The Normans were the people who gave their names to Normandy, a region in northern France. They descended from the original Viking conquerors of the territory and the native population of mostly Frankish and Gallo-Roman stock. Their identity first emerged in the first half of the tenth century, and gradually evolved over succeeding centuries until they disappeared as an ethnic group in the early thirteenth century. The name "Normans" derives from "Northmen" or "Norsemen", after the Vikings from Scandinavia who founded Normandy (Northmannia in its original Latin).

They played a major political, military, and cultural role in medieval Europe and even the Near East. They were famed for their martial spirit and Christian piety. They quickly adopted the Romance language of the land they settled in, their dialect becoming known as Norman, an important literary language. The Duchy of Normandy, which they formed by treaty with the French crown, was one of the great large fiefs of medieval France. The Normans are famed both for their culture, such as their unique Romanesque architecture, and their musical traditions, as well as for the military accomplishments and innovations. Norman adventurers established a kingdom in Sicily and southern Italy by conquest, and a Norman expedition on behalf of their duke led to the Norman Conquest of England. Norman influence spread from these new centres to the Crusader States in the Near East, to Scotland and Wales in Great Britain, and to Ireland.
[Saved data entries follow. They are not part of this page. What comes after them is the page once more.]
definition dim_part :: "('u list set \<Rightarrow> ereal) \<Rightarrow> nat \<Rightarrow> 'u list set \<Rightarrow> nat \<Rightarrow> 'u list set" where
  "dim_part d n X l = {a \<in> take n ` X. d (fiber X a) = ereal (real l)}"

definition fibered_dim ::
  "('f \<Rightarrow> 'u list \<Rightarrow> 'u) \<Rightarrow> ('r \<Rightarrow> 'u list \<Rightarrow> bool) \<Rightarrow> ('u list set \<Rightarrow> ereal) \<Rightarrow> bool" where
  "fibered_dim F R d \<longleftrightarrow>
     (\<forall>n X. definable F R UNIV n X \<longrightarrow> d X \<in> insert (-\<infinity>) (range (\<lambda>k::nat. ereal (real k)))) \<and>
     (\<forall>n X. definable F R UNIV n X \<longrightarrow> (d X = -\<infinity> \<longleftrightarrow> X = {})) \<and>
     (\<forall>a. d {[a]} = 0) \<and> d {a. length a = 1} = 1 \<and>
     (\<forall>n X Y. definable F R UNIV n X \<longrightarrow> definable F R UNIV n Y \<longrightarrow>
        d (X \<union> Y) = max (d X) (d Y)) \<and>
     (\<forall>n X \<sigma>. definable F R UNIV n X \<longrightarrow> bij_betw \<sigma> {..<n} {..<n} \<longrightarrow>
        d ((\<lambda>a. map (\<lambda>i. a ! \<sigma> i) [0..<n]) ` X) = d X) \<and>
     (\<forall>n X l. definable F R UNIV (Suc n) X \<longrightarrow> l \<in> {0, 1} \<longrightarrow>
        definable F R UNIV n (dim_part d n X l) \<and>
        d {x \<in> X. take n x \<in> dim_part d n X l} = d (dim_part d n X l) + ereal (real l))"

text \<open>\<open>d(a/C)\<close>: infimum of \<open>d(\<phi>(U))\<close> over formulas \<open>\<phi> \<in> tp(a/C)\<close>, i.e. over
\<open>C\<close>-definable sets containing \<open>a\<close>.\<close>

definition dim_over ::
  "('f \<Rightarrow> 'u list \<Rightarrow> 'u) \<Rightarrow> ('r \<Rightarrow> 'u list \<Rightarrow> bool) \<Rightarrow> ('u list set \<Rightarrow> ereal) \<Rightarrow> 'u list \<Rightarrow> 'u set \<Rightarrow> ereal" where
  "dim_over F R d a C = (INF X \<in> {X. definable F R C (length a) X \<and> a \<in> X}. d X)"

end

theory Submission
  imports Defs
begin

text \<open>Let \<open>\<D>\<close> be the \<open>C\<close>-definable sets of dimension \<open>< d(X)\<close>. A finite union of members
of \<open>\<D>\<close> still has dimension \<open>< d(X)\<close>, so by monotonicity of \<open>d\<close> it cannot cover \<open>X\<close>.
Hence \<open>X\<close> together with the complements of the members of \<open>\<D>\<close> is finitely satisfiable,
and saturation yields \<open>a \<in> X\<close> lying in no member of \<open>\<D>\<close>; every \<open>C\<close>-definable set
containing \<open>a\<close> then has dimension \<open>\<ge> d(X)\<close>, i.e. \<open>d(a/C) = d(X)\<close>.\<close>

fun rename_trm :: "(nat \<Rightarrow> nat) \<Rightarrow> 'f trm \<Rightarrow> 'f trm" where
  "rename_trm \<rho> (Var i) = Var (\<rho> i)"
| "rename_trm \<rho> (Fn f ts) = Fn f (map (rename_trm \<rho>) ts)"

fun rename_fm :: "(nat \<Rightarrow> nat) \<Rightarrow> ('f, 'r) fm \<Rightarrow> ('f, 'r) fm" where
  "rename_fm \<rho> (Eq s t) = Eq (rename_trm \<rho> s) (rename_trm \<rho> t)"
| "rename_fm \<rho> (Rl r ts) = Rl r (map (rename_trm \<rho>) ts)"
| "rename_fm \<rho> (Neg \<phi>) = Neg (rename_fm \<rho> \<phi>)"
| "rename_fm \<rho> (Conj \<phi> \<psi>) = Conj (rename_fm \<rho> \<phi>) (rename_fm \<rho> \<psi>)"
| "rename_fm \<rho> (Ex i \<phi>) = Ex (\<rho> i) (rename_fm \<rho> \<phi>)"

lemma eval_rename_trm: "eval F v (rename_trm \<rho> t) = eval F (v \<circ> \<rho>) t"
  by (induction t) (auto cong: map_cong)

lemma tvars_rename_trm: "tvars (rename_trm \<rho> t) = \<rho> ` tvars t"
  by (induction t) auto

lemma sat_rename_fm:
  assumes "inj \<rho>"
  shows "sat F R v (rename_fm \<rho> \<phi>) = sat F R (v \<circ> \<rho>) \<phi>"
proof (induction \<phi> arbitrary: v)
  case (Ex i \<phi>)
  have "(v(\<rho> i := u)) \<circ> \<rho> = (v \<circ> \<rho>)(i := u)" for u
    using assms by (auto simp: inj_def)
  then have "sat F R (v(\<rho> i := u)) (rename_fm \<rho> \<phi>) = sat F R ((v \<circ> \<rho>)(i := u)) \<phi>" for u
    using Ex.IH by metis
  then show ?case by (simp only: rename_fm.simps sat.simps)
qed (auto simp: eval_rename_trm comp_def)

lemma fv_rename_fm: "inj \<rho> \<Longrightarrow> fv (rename_fm \<rho> \<phi>) = \<rho> ` fv \<phi>"
  by (induction \<phi>) (auto simp: tvars_rename_trm image_set_diff image_Union)

lemma eval_cong: "(\<And>i. i \<in> tvars t \<Longrightarrow> v i = w i) \<Longrightarrow> eval F v t = eval F w t"
proof (induction t)
  case (Fn f ts)
  then have "map (eval F v) ts = map (eval F w) ts"
    by (intro map_cong) auto
  then show ?case by (simp only: eval.simps)
qed simp

lemma sat_cong: "(\<And>i. i \<in> fv \<phi> \<Longrightarrow> v i = w i) \<Longrightarrow> sat F R v \<phi> = sat F R w \<phi>"
proof (induction \<phi> arbitrary: v w)
  case (Eq s t)
  then have "eval F v s = eval F w s" "eval F v t = eval F w t"
    by (auto intro: eval_cong)
  then show ?case by (simp only: sat.simps)
next
  case (Rl r ts)
  then have "map (eval F v) ts = map (eval F w) ts"
    by (intro map_cong refl eval_cong) auto
  then show ?case by (simp only: sat.simps)
next
  case (Neg \<phi>)
  then show ?case by (metis fv.simps(3) sat.simps(3))
next
  case (Conj \<phi> \<psi>)
  then show ?case by (metis UnCI fv.simps(4) sat.simps(4))
next
  case (Ex i \<phi>)
  then have "sat F R (v(i := u)) \<phi> = sat F R (w(i := u)) \<phi>" for u
    by (intro Ex.IH) auto
  then show ?case by (simp only: sat.simps)
qed

lemma definable_length: "definable F R A n X \<Longrightarrow> a \<in> X \<Longrightarrow> length a = n"
  unfolding definable_def by auto

lemma definable_mono_params: "definable F R A n X \<Longrightarrow> A \<subseteq> B \<Longrightarrow> definable F R B n X"
  unfolding definable_def by blast

lemma definable_empty: "definable F R A n {}"
  unfolding definable_def
  by (rule exI[of _ "Ex 0 (Neg (Eq (Var 0) (Var 0)))"], rule exI[of _ "[]"]) auto

lemma definable_complement:
  assumes "definable F R A n X"
  shows "definable F R A n {a. length a = n \<and> a \<notin> X}"
proof -
  obtain \<phi> c where "fv \<phi> \<subseteq> {..< n + length c}" "set c \<subseteq> A"
    "X = {a. length a = n \<and> sat F R (\<lambda>i. (a @ c) ! i) \<phi>}"
    using assms unfolding definable_def by blast
  then show ?thesis
    unfolding definable_def by (intro exI[of _ "Neg \<phi>"] exI[of _ c]) auto
qed

lemma definable_Un:
  assumes "definable F R A n X" "definable F R A n Y"
  shows "definable F R A n (X \<union> Y)"
proof -
  obtain \<phi> c1 where \<phi>: "fv \<phi> \<subseteq> {..< n + length c1}" "set c1 \<subseteq> A"
    "X = {a. length a = n \<and> sat F R (\<lambda>i. (a @ c1) ! i) \<phi>}"
    using assms(1) unfolding definable_def by blast
  obtain \<psi> c2 where \<psi>: "fv \<psi> \<subseteq> {..< n + length c2}" "set c2 \<subseteq> A"
    "Y = {a. length a = n \<and> sat F R (\<lambda>i. (a @ c2) ! i) \<psi>}"
    using assms(2) unfolding definable_def by blast
  \<comment> \<open>shift the parameter variables of \<open>\<psi>\<close> past those of \<open>\<phi>\<close>, so both read parameters \<open>c1 @ c2\<close>\<close>
  define \<rho> where "\<rho> j = (if j < n then j else j + length c1)" for j
  have inj: "inj \<rho>" unfolding \<rho>_def inj_def by auto
  define \<theta> where "\<theta> = Neg (Conj (Neg \<phi>) (Neg (rename_fm \<rho> \<psi>)))"
  have fv_\<theta>: "fv \<theta> \<subseteq> {..< n + length (c1 @ c2)}"
    using \<phi>(1) \<psi>(1) by (auto simp: \<theta>_def fv_rename_fm[OF inj] \<rho>_def subset_eq)
  have sat_\<phi>: "sat F R (\<lambda>i. (a @ c1 @ c2) ! i) \<phi> = sat F R (\<lambda>i. (a @ c1) ! i) \<phi>"
    if "length a = n" for a
    by (rule sat_cong) (use \<phi>(1) that in \<open>auto simp: nth_append\<close>)
  have sat_\<psi>: "sat F R (\<lambda>i. (a @ c1 @ c2) ! i) (rename_fm \<rho> \<psi>) = sat F R (\<lambda>i. (a @ c2) ! i) \<psi>"
    if "length a = n" for a
    unfolding sat_rename_fm[OF inj]
    by (rule sat_cong) (use \<psi>(1) that in \<open>auto simp: nth_append \<rho>_def\<close>)
  have "X \<union> Y = {a. length a = n \<and> sat F R (\<lambda>i. (a @ c1 @ c2) ! i) \<theta>}"
    using \<phi>(3) \<psi>(3) sat_\<phi> sat_\<psi> by (auto simp: \<theta>_def)
  moreover have "set (c1 @ c2) \<subseteq> A"
    using \<phi>(2) \<psi>(2) by simp
  ultimately show ?thesis
    using fv_\<theta> unfolding definable_def by blast
qed
lemma has_integral_gamma_term:
  fixes c :: real
  assumes c: "0 < c" "c < 1" and j: "e \<le> j + 1" "j + 2 \<le> l"
  shows "((\<lambda>t. (1 + t)^j * (c*t + 1) powi (- int l)) has_integral
           gamma_term l e j c / (1 - c)^(l-e)) {-1..1}"
proof -
  have eq: "(\<Sum>i\<le>j. real (j choose i) * (-(1 - c))^i / (c^(j+1) * real (l-1-j+i))
          * ((1 - c) powi (- int (l-1-j+i)) - (1 + c) powi (- int (l-1-j+i))))
      = gamma_term l e j c / (1 - c)^(l-e)"
    unfolding gamma_term_def sum_divide_distrib
  proof (intro sum.cong refl)
    fix i assume "i \<in> {..j}"
    define n where "n = l-1-j+i"
    have n: "n \<noteq> 0" "l - e + i = (j + 1 - e) + n" using j by (auto simp: n_def)
    have cancel: "C * (s * a) / (c' * N) * (X / (b * a) - 1 / Z) = C * s / N * (X - b * a / Z) / c' / b"
      if "a \<noteq> 0" "b \<noteq> 0" "c' \<noteq> 0" "N \<noteq> 0" "Z \<noteq> 0" for C s a b c' N X Z :: real
      using that by (simp add: field_simps)
    have Y: "(1 - c)^(l-e+i) = (1 - c)^(l-e) * (1 - c)^i" by (simp add: power_add)
    have pw: "(1 - c) powi (- int n) = (1 - c)^(j+1-e) / ((1 - c)^(l-e) * (1 - c)^i)"
      using c unfolding Y[symmetric] n(2) by (simp add: power_add power_int_minus_divide)
    have Z: "(1 + c) powi (- int n) = 1 / (1 + c)^n" by (simp add: power_int_minus_divide)
    show "real (j choose i) * (-(1 - c))^i / (c^(j+1) * real n)
          * ((1 - c) powi (- int n) - (1 + c) powi (- int n))
        = of_real (real (j choose i) * (-1)^i / real n)
          * ((1 - c)^(j+1-e) - (1 - c)^(l-e+i) / (1 + c)^n) / c^(j+1) / (1 - c)^(l-e)"
      unfolding pw Z Y power_minus[of "1 - c"] of_real_eq_id id_apply
      by (rule cancel) (use c n(1) in auto)
  qed
  show ?thesis using has_integral_binomial_powi[OF c j(2)] unfolding eq .
qed

lemma gamma_term_at_1:
  assumes "e \<le> j + 1" "e < l"
  shows "gamma_term l e j (1::real) = (if j + 1 = e then fact j / pochhammer (real (l - e)) e else 0)"
proof (cases "j + 1 = e")
  case True
  have "gamma_term l e j (1::real) = (\<Sum>i\<le>j. of_nat (j choose i) * ((-1)^i / (real (l - e) + of_nat i)))"
    unfolding gamma_term_def using True assms by (intro sum.cong) (auto simp: of_nat_diff power_0_left)
  also have "\<dots> = fact j / pochhammer (real (l - e)) (Suc j)"
    using assms by (intro alternating_choose_reciprocal_sum) simp
  finally show ?thesis using True by simp
next
  case False
  then show ?thesis unfolding gamma_term_def using assms by (simp add: power_0_left)
qed
(* Consider the PDP-TSLU feasible set described in the context. For each pair of pickup tasks with $i\in P^{4},\ j\in P^{1}$, or $i\in P^{3},\ j\in P^{2}$, every feasible solution of the PDP-TSLU satisfies \[ x_{ij}+x_{ji}+x_{i,i+n}+x_{i+n,j+n}\le 1, \] where any variable $x_{uv}$ whose arc $(u,v)$ is not in the arc set $A$ is taken to be $0$.
   Context: Data. Let $n\ge1$, $P=\{1,\dots,n\}$ (pickup tasks), $D=\{n+1,\dots,2n\}$ (delivery tasks; task $i+n$ is the delivery paired with pickup $i$), $V'=P\cup D$, $V=\{0\}\cup V'\cup\{2n+1\}$ ($0$ and $2n+1$ are virtual start and end tasks). Each $i\in V'$ has a side indicator $a_i\in\{0,1\}$. Define $P^{1}=\{i\in P:a_i=a_{i+n}=0\}$, $P^{2}=\{i\in P:a_i=a_{i+n}=1\}$, $P^{3}=\{i\in P:a_i=0,a_{i+n}=1\}$, $P^{4}=\{i\in P:a_i=1,a_{i+n}=0\}$. The pickup tasks are partitioned into FIFO queues (one per station); for pickups $k,j$ in the same queue, $k\lhd j$ (equivalently $j\rhd k$) means $k$ is queued ahead of $j$, and $i\oplus1$ denotes the pickup queued immediately behind $i$ in its queue (if any). Given are an integer capacity $Q\ge1$, loads $q_i>0$ and $q_{i+n}=-q_i$ for $i\in P$, durations $s_i\ge0$ for $i\in V\setminus\{2n+1\}$ with $s_0=0$, windows $[e_i,l_i]$ for $i\in P$, and travel times $t_{ij}\ge0$. Arc set. For $i\in P$ let $S^{i}_{P,1}=\{j\in P:j\lhd i\}$, $S^{i}_{P,2}=\{j\in P:j\rhd i\oplus1\}$, $S^{i}_{P,3}=P^{3}$ if $i\in P^{1}\cup P^{4}$ (else $\emptyset$), $S^{i}_{P,4}=P^{4}$ if $i\in P^{2}\cup P^{3}$ (else $\emptyset$), $S^{i}_{D,1}=\{j\in D:j-n\rhd i\}$, $S^{i}_{D,2}=\{j\in D:j-n\in P^{1}\cup P^{4}\setminus\{i\}\}$ if $i\in P^{1}\cup P^{3}$ (else $\emptyset$), $S^{i}_{D,3}=\{j\in D:j-n\in P^{2}\cup P^{3}\setminus\{i\}\}$ if $i\in P^{2}\cup P^{4}$ (else $\emptyset$). For $i\in D$ let $S^{i}_{P,5}=\{j\in P:j\lhd i-n\}$; $S^{i}_{P,6}=\{j\in P:\exists k\in P^{3},\ i-n\lhd k\lhd j\}$ if $i-n\in P^{1}$ (else $\emptyset$); $S^{i}_{P,7}=\{j\in P:\exists k\in P^{4},\ i-n\lhd k\lhd j\}$ if $i-n\in P^{2}$ (else $\emptyset$); $S^{i}_{P,8}=\{j\in P:|\{k\in P^{3}:i-n\lhd k\lhd j\}|\ge Q\}$ if $i-n\in P^{3}$ (else $\emptyset$); $S^{i}_{P,9}=\{j\in P:|\{k\in P^{4}:i-n\lhd k\lhd j\}|\ge Q\}$ if $i-n\in P^{4}$ (else $\emptyset$); $S^{i}_{D,4}=\{j\in D:j-n\rhd i-n\}$ if $i-n\in P^{1}\cup P^{2}$ (else $\emptyset$); $S^{i}_{D,5}=\{j\in D:j-n\lhd i-n\}$ if $i-n\in P^{3}\cup P^{4}$ (else $\emptyset$); $S^{i}_{D,6}=\{j\in D:j-n\in S^{i}_{P,8}\cup S^{i}_{P,9}\}$; $S^{i}_{D,7}=\{j\in D:j-n\in P^{2}\cup P^{4}\}$ if $i-n\in P^{3}$ (else $\emptyset$); $S^{i}_{D,8}=\{j\in D:j-n\in P^{1}\cup P^{3}\}$ if $i-n\in P^{4}$ (else $\emptyset$). The arc set is $A=\{(0,j):j\in P,\ \nexists k\lhd j\}\cup\{(i,2n+1):i\in D,\ \nexists k\rhd i-n\}\cup\{(i,j):i\in P,\ j\in V'\setminus(\cup_{l=1}^{4}S^{i}_{P,l}\cup\cup_{l=1}^{3}S^{i}_{D,l})\}\cup\{(i,j):i\in D,\ j\in V'\setminus(\cup_{l=5}^{9}S^{i}_{P,l}\cup\cup_{l=4}^{8}S^{i}_{D,l})\}$, minus all $(i,j)$ with $i,j\in V'$ and $i=j$ or $i=j+n$. Let $A'=\{(i,j)\in A:i,j\in V'\}$. Feasible solutions of the PDP-TSLU. Variables: $x_{ij}\in\{0,1\}$ for $(i,j)\in A$; $y^{k}_{ij}\in\{0,1\}$ for $(i,j)\in A'$, $k\in P$; reals $b_i\ge0$ ($b_0=0$) and $w_i\ge0$ ($w_0=0$). Constraints: (i) $\sum_{j:(i,j)\in A}x_{ij}=1$ for $i\in V\setminus\{2n+1\}$ and $\sum_{j:(j,i)\in A}x_{ji}=1$ for $i\in V\setminus\{0\}$; (ii) $b_{i+n}\ge b_i+s_i+t_{i,i+n}$ for $i\in P$; (iii) $b_{i\oplus1}\ge b_i+s_i$ whenever $i\oplus1$ exists; (iv) for $(i,j)\in A$ with $j\in V'\cup\{2n+1\}$, $x_{ij}=1\Rightarrow b_j\ge b_i+s_i+t_{ij}$, and for $(i,j)\in A$ with $j\in V'$, $x_{ij}=1\Rightarrow w_j\ge w_i+q_j$; (v) $e_i\le b_{i+n}+s_{i+n}\le l_i$ for $i\in P$; (vi) $\max\{0,q_i\}\le w_i\le\min\{Q,Q+q_i\}$ for $i\in V'$; (vii) for all $i\in V'$, $k\in P$: $\sum_{j:(i,j)\in A'}y^k_{ij}-\sum_{j:(j,i)\in A'}y^k_{ji}$ equals $1$ if $i=k$, $-1$ if $i=k+n$, $0$ otherwise; (viii) writing $Y^k(v)=\sum_{u:(u,v)\in A'}y^k_{uv}$: $Y^k(j)=Y^k(j+n)$ for $j\in P^{1}\setminus\{k\},k\in P^{1}$ and for $j\in P^{2}\setminus\{k\},k\in P^{2}$; $Y^k(j)+Y^k(j+n)\le1$ for $j\in P^{3}\setminus\{k\},k\in P^{3}$ and for $j\in P^{4}\setminus\{k\},k\in P^{4}$; $y^k_{uj}=0$ for all $(u,j)\in A'$ when ($j\in P^{3},k\in P^{1}$) or ($j\in P^{4},k\in P^{2}$) or ($j\in P^{4},k\in P^{3}$) or ($j\in P^{3},k\in P^{4}$); $y^k_{u,j+n}=0$ for all $(u,j+n)\in A'$ when ($j\in P^{4},k\in P^{1}$) or ($j\in P^{3},k\in P^{2}$); (ix) $y^k_{ij}\le x_{ij}$ for $(i,j)\in A'$, $k\in P$. *)

theory Defs
  imports Complex_Main
begin

definition Pset :: "nat \<Rightarrow> nat set" where "Pset n = {1..n}"
definition Dset :: "nat \<Rightarrow> nat set" where "Dset n = {n+1..2*n}"
definition Vp :: "nat \<Rightarrow> nat set" where "Vp n = {1..2*n}"
definition Vall :: "nat \<Rightarrow> nat set" where "Vall n = {0..2*n+1}"

text \<open>Side classes P^1..P^4 (side indicator a : nat => nat, values in {0,1}).\<close>
definition Pcls :: "nat \<Rightarrow> (nat \<Rightarrow> nat) \<Rightarrow> nat \<Rightarrow> nat \<Rightarrow> nat set" where
  "Pcls n a ap ad = {i \<in> Pset n. a i = ap \<and> a (i+n) = ad}"

abbreviation P1 where "P1 n a \<equiv> Pcls n a 0 0"
abbreviation P2 where "P2 n a \<equiv> Pcls n a 1 1"
abbreviation P3 where "P3 n a \<equiv> Pcls n a 0 1"
abbreviation P4 where "P4 n a \<equiv> Pcls n a 1 0"

text \<open>The queues are given as a list of lists of pickup tasks (front of the list = front of the queue).\<close>
definition queues_ok :: "nat \<Rightarrow> nat list list \<Rightarrow> bool" where
  "queues_ok n qs \<longleftrightarrow> distinct (concat qs) \<and> set (concat qs) = Pset n \<and> [] \<notin> set qs"

definition qbefore :: "nat list list \<Rightarrow> nat \<Rightarrow> nat \<Rightarrow> bool" where
  "qbefore qs k j \<longleftrightarrow> (\<exists>q\<in>set qs. \<exists>u v. u < v \<and> v < length q \<and> q!u = k \<and> q!v = j)"

definition qnext :: "nat list list \<Rightarrow> nat \<Rightarrow> nat \<Rightarrow> bool" where
  "qnext qs i j \<longleftrightarrow> (\<exists>q\<in>set qs. \<exists>u. Suc u < length q \<and> q!u = i \<and> q!(Suc u) = j)"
In Russian historiography, the term "Norman" is often used for the Varangians, as for example in the term "Normanist theory". In French historiography too, the term is often applied to the various Viking groups that raided France in the ninth century before settling down to found Normandy.

Characteristics

In a famous passage, Geoffrey Malaterra characterised the Normans thus:
Specially marked by cunning, despising their own inheritance in the hope of winning a greater, eager after both gain and dominion, given to imitation of all kinds, holding a certain mean between lavishness and greediness, that is, perhaps uniting, as they certainly did, these two seemingly opposite qualities. Their chief men were specially lavish through their desire of good report. They were, moreover, a race skillful in flattery, given to the study of eloquence, so that the very boys were orators, a race altogether unbridled unless held firmly down by the yoke of justice. They were enduring of toil, hunger, and cold whenever fortune laid it on them, given to hunting and hawking, delighting in the pleasure of horses, and of all the weapons and garb of war.
Their quick adaptability expressed itself in the shrewd Norman willingness to take on local men of talent, to marry the high-born local women; confidently illiterate Norman masters used the literate clerks of the church for their own purposes.

Normandy

Geographically, Normandy was approximately the same region as the old church province of Rouen and what was called Brittania Nova as well as western Flanders. It had no natural frontiers and was previously merely an administrative unit. Historically, its population was mostly French. It included Viking settlers, who had begun arriving in the 880s, divided between a small colony in Upper (or eastern) Normandy and a larger one in Lower (or western) Normandy.

In the course of the 10th century, the initial destructive incursions of Norse war bands into the rivers of Gaul evolved into permanent encampments that included women and chattel. The pagan culture was driven underground by the Christian faith and Gallo-Romance language of the local people. The small groups of Vikings that settled there adopted the language and culture of the French majority. After a generation or two, the Normans were generally indistinguishable from their French neighbours.

In Normandy, they adopted the growing feudal doctrines of the rest of northern France, and worked them, both in Normandy and in England, into a functional hierarchical system. The Norman warrior class was new and different from the old French aristocracy, many of whom could trace their families back to Carolingian times, while the Normans could seldom cite ancestors before the beginning of the 11th century. Most knights remained poor and land-hungry; by 1066, Normandy had been exporting fighting horsemen for more than a generation. Knighthood before the time of the Crusades held little social status, and simply indicated a professional warrior wealthy enough to own a war horse. Many Normans of France and Britain would eventually serve as avid Crusaders.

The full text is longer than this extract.